Personal information
- Full name: Christopher Mark Riggott
- Date of birth: 1 September 1980 (age 45)
- Place of birth: Derby, England
- Position: Defender

Senior career*
- Years: Team / Apps / (Gls)
- 1999–2003: Derby County / 91 / (5)
- 2003–2010: Middlesbrough / 104 / (5)
- 2008: → Stoke City (loan) / 9 / (0)
- 2010–2011: Cardiff City / 2 / (0)
- 2011–2012: Derby County / 0 / (0)
- 2012: Burton Albion / 0 / (0)
- Total:  / 206 / (10)

International career
- 2000–2001: England U21 / 9 / (0)

= Chris Riggott =

English footballer (born 1980)

Christopher Mark Riggott (born 1 September 1980) is an English former professional footballer who played as a defender. He began his career at Derby County, before moving to Middlesbrough, with whom he won the League Cup in 2004. He also had spells with Stoke City, Cardiff City and Burton Albion and represented England nine times at under-21 level.

==Career==

===Derby County===
Born in Derby, Riggott played at Derby County where he came through the youth system, whilst studying at St Benedict's RC Secondary School in Derby. Whilst at Derby he was coached by future England manager Steve McClaren and Middlesbrough coaches Steve Round and Bill Beswick. He made his debut for the club on 14 May 2000 as a substitute in place of Steve Elliott during a 4–0 defeat to Chelsea. He went on to make 100 appearances for Derby in all competitions and scored 7 goals during his spell at the club. At the end of the 2000–01 season he was named Derby's Player of the Year.

===Middlesbrough===
After being strongly linked with Liverpool in the 2001–02 season, he eventually joined Middlesbrough, along with Malcolm Christie for a combined fee of 3 million pounds in January 2003, with the potential to rise to 5 million.

Riggott immediately became popular among the fans, scoring twice on his second appearance in the Tees-Wear derby against Sunderland at the Stadium of Light, which Middlesbrough won 3–1. He was also part of the 2004 League Cup final squad but did not play in the final. In the 2004–05 season he made 32 appearances, mostly covering for the much injured Ugo Ehiogu, contributing to the team's most successful season since the Premier League was established.

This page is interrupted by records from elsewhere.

text \<open>
  Write m = k + l and n = |V|. In a copy of S_{k,l} containing the non-adjacent vertices x and y
  both are leaves, so the centre c is a neighbour of y other than x; there are at most
  (\<alpha> + \<beta>) n - 1 such c. Once c is fixed, the arcs between c and x, y decide whether x and y
  sit on out- or in-slots, and the remaining m - 2 leaves are non-neighbours of x that are strict
  out- resp. in-neighbours of c. Counting slot assignments and using
  C(m-2, a) p^a q^b \<le> (p + q)^(m-2) bounds the copies with centre c by
  m (m-1) / C(m, k) \<cdot> ((1 - D) n - 2)^(m-2). On the other hand at least (m+1) m (n-2)^(m-1) maps
  hit both x and y, and D \<ge> 1/2 gives n ((1 - D) n - 2)^(m-2) \<le> (1 - D)^(m-2) (n-2)^(m-1).
\<close>

section \<open>Counting slot assignments\<close>

lemma binomial_term_le_power:
  fixes p q :: real
  assumes "0 \<le> p" "0 \<le> q"
  shows "real ((a + b) choose a) * p ^ a * q ^ b \<le> (p + q) ^ (a + b)"
proof -
  have "real ((a + b) choose a) * p ^ a * q ^ (a + b - a)
      \<le> (\<Sum>i\<le>a + b. real ((a + b) choose i) * p ^ i * q ^ (a + b - i))"
    using assms by (intro member_le_sum) auto
  then show ?thesis
    by (simp add: binomial_ring)
qed

lemma card_Diff_doubleton:
  assumes "finite A" "i \<noteq> j"
  shows "card (A - {i, j}) = card A - of_bool (i \<in> A) - of_bool (j \<in> A)"
  using assms by (cases "i \<in> A"; cases "j \<in> A") (auto simp: card_Diff_subset_Int)

lemma prod_eq_power_card_Diff:
  assumes "finite T" "\<And>t. t \<in> T \<inter> R \<Longrightarrow> f t = 1" "\<And>t. t \<in> T - R \<Longrightarrow> f t = c"
  shows "prod f T = c ^ card (T - R)"
proof -
  have "prod f T = prod f (T \<inter> R) * prod f (T - R)"
    using assms(1) by (simp add: prod.Int_Diff)
  also have "\<dots> = c ^ card (T - R)"
    using assms(2,3) by simp
  finally show ?thesis .
qed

In the 2005–06 season, Riggott became the first choice central defensive partner for Gareth Southgate, in a successful season which saw the club reach the UEFA Cup final he stood out and was generally regarded as being one of the outstanding players for Middlesbrough during the season. In the UEFA Cup semi final against Steaua Bucharest, Boro found themselves 3–0 down on aggregate and needing four goals to get through to the final. Riggott crucially scored the third of the four needed as Middlesbrough miraculously reached the final.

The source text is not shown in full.